Records excerpted from a collection
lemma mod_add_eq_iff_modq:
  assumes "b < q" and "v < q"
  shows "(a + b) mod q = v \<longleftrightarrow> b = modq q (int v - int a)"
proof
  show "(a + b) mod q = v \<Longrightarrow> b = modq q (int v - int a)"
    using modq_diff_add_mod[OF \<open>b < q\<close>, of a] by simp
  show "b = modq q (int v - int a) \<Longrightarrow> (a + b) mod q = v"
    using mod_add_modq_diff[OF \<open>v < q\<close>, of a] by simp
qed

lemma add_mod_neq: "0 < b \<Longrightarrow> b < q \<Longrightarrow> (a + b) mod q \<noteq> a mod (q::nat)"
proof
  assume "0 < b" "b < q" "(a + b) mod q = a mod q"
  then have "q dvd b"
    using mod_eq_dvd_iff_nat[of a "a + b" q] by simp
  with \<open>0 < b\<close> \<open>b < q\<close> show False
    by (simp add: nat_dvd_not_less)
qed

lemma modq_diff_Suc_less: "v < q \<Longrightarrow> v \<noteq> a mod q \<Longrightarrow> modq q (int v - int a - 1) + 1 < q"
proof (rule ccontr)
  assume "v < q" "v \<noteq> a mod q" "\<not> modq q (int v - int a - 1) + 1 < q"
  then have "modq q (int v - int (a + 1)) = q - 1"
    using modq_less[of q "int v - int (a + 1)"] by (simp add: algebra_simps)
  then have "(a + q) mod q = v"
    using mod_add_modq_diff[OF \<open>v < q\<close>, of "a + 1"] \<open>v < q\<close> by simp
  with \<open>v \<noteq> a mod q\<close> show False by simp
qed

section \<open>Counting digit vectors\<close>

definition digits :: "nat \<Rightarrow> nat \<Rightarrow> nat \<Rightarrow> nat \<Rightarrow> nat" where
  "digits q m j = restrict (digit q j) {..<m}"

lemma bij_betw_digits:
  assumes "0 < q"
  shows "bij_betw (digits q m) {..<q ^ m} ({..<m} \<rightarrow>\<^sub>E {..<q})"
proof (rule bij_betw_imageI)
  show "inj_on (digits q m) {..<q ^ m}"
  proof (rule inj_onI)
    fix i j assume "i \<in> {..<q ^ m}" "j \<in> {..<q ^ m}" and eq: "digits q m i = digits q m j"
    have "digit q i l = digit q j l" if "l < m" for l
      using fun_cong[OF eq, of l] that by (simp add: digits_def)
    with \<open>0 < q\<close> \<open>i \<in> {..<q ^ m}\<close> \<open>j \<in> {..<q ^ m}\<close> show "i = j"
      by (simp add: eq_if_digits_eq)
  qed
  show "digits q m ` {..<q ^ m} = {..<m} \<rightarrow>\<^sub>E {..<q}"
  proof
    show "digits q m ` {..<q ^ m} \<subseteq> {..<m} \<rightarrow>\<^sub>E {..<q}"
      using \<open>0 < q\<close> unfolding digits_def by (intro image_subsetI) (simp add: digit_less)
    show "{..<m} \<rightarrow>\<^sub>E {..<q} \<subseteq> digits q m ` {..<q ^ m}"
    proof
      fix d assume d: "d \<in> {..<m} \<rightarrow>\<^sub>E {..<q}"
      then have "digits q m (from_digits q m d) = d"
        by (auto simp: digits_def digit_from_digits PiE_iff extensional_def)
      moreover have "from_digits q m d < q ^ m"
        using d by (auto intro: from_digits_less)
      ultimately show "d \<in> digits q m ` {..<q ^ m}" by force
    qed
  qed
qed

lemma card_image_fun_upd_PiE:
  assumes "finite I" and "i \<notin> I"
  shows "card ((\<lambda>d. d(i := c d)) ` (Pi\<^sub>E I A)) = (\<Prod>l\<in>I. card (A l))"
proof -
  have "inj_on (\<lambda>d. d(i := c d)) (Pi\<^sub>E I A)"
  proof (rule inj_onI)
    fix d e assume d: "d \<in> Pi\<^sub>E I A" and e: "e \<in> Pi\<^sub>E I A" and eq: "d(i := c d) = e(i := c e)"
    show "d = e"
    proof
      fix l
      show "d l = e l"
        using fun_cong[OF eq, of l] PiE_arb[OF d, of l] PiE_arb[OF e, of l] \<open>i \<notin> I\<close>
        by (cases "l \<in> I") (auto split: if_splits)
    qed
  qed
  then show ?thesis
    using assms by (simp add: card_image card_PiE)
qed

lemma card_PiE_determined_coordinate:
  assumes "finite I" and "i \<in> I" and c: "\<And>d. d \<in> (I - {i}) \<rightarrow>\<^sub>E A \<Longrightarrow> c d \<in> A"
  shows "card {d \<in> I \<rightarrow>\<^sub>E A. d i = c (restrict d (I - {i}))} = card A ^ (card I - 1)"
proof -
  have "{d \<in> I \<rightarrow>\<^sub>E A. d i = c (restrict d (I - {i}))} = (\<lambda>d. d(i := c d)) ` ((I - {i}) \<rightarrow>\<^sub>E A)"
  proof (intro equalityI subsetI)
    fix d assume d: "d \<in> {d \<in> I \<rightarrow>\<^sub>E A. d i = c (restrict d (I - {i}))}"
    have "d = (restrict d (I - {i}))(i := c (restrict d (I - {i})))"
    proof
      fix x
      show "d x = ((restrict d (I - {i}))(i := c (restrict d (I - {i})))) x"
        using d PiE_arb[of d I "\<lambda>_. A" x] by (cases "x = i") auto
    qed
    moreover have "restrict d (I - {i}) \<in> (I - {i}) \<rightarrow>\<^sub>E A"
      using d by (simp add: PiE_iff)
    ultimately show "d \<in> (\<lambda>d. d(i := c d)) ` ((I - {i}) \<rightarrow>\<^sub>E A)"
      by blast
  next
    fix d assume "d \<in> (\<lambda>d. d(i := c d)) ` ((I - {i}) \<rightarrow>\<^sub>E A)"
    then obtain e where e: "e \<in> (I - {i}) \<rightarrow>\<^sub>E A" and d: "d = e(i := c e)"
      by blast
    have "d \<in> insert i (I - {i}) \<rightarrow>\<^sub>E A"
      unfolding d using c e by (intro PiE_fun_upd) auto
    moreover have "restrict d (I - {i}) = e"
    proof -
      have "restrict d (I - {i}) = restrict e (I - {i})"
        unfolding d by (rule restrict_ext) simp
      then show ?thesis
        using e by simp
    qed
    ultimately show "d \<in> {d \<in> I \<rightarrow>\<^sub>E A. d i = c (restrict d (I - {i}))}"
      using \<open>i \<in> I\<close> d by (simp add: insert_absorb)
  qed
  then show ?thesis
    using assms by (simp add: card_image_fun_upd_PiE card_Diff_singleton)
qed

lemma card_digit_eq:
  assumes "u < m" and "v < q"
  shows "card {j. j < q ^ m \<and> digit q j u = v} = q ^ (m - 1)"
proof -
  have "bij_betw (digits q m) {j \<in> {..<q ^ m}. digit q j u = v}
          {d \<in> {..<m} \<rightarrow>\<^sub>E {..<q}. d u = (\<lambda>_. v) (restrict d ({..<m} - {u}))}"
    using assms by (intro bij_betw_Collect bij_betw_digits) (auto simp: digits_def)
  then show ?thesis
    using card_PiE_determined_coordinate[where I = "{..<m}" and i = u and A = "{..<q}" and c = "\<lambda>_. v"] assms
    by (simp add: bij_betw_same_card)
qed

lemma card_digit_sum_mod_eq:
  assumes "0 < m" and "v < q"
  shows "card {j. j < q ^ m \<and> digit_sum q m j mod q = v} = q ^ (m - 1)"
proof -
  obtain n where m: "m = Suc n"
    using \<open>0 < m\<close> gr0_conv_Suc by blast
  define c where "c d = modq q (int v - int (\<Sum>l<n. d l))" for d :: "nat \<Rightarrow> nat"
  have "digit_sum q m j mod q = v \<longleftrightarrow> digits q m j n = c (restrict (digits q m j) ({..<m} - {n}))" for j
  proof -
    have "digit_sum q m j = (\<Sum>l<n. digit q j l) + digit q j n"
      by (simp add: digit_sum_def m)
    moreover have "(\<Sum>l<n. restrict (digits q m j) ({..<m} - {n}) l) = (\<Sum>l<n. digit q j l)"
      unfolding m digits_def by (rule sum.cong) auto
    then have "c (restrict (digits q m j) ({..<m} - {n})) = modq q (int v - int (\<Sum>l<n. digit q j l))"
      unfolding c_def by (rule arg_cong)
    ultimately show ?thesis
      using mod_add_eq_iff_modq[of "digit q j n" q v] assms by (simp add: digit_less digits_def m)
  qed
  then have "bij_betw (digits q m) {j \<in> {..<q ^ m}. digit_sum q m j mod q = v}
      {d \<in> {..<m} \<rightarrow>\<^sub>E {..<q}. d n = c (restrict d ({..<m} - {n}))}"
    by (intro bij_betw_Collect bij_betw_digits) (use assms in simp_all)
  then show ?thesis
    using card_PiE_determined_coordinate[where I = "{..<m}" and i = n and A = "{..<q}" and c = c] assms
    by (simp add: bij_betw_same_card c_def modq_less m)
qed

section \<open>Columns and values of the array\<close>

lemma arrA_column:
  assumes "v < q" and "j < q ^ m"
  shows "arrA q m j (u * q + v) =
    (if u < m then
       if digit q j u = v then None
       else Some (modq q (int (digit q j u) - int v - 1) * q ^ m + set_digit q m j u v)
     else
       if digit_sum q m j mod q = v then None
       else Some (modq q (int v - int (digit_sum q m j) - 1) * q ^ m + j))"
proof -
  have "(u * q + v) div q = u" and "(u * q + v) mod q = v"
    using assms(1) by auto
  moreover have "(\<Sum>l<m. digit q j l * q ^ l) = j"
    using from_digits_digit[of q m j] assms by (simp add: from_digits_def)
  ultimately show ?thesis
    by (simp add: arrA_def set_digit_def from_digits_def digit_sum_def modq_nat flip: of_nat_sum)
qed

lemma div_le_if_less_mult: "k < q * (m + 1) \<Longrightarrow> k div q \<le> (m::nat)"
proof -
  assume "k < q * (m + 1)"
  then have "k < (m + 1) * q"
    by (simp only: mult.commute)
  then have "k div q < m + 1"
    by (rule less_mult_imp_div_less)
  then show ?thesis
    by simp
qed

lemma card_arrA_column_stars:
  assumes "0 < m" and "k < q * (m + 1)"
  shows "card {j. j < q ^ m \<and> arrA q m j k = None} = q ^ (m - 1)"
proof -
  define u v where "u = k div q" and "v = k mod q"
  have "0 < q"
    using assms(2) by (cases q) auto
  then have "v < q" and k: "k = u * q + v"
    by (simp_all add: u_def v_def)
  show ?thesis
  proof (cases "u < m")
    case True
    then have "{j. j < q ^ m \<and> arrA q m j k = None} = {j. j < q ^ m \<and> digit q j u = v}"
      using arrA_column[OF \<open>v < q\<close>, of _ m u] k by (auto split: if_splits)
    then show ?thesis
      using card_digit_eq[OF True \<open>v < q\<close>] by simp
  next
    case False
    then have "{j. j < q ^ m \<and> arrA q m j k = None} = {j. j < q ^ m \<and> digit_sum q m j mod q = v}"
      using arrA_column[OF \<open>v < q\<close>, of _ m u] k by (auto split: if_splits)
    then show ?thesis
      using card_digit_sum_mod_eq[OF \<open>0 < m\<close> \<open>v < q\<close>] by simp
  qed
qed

Work order
Give back, word for word, only the lines above from the line holding "u = (\<lambda>_." to the line holding "by (simp add: digit_sum_def m)", both included.

Exercise answer
          {d \<in> {..<m} \<rightarrow>\<^sub>E {..<q}. d u = (\<lambda>_. v) (restrict d ({..<m} - {u}))}"
    using assms by (intro bij_betw_Collect bij_betw_digits) (auto simp: digits_def)
  then show ?thesis
    using card_PiE_determined_coordinate[where I = "{..<m}" and i = u and A = "{..<q}" and c = "\<lambda>_. v"] assms
    by (simp add: bij_betw_same_card)
qed

lemma card_digit_sum_mod_eq:
  assumes "0 < m" and "v < q"
  shows "card {j. j < q ^ m \<and> digit_sum q m j mod q = v} = q ^ (m - 1)"
proof -
  obtain n where m: "m = Suc n"
    using \<open>0 < m\<close> gr0_conv_Suc by blast
  define c where "c d = modq q (int v - int (\<Sum>l<n. d l))" for d :: "nat \<Rightarrow> nat"
  have "digit_sum q m j mod q = v \<longleftrightarrow> digits q m j n = c (restrict (digits q m j) ({..<m} - {n}))" for j
  proof -
    have "digit_sum q m j = (\<Sum>l<n. digit q j l) + digit q j n"
      by (simp add: digit_sum_def m)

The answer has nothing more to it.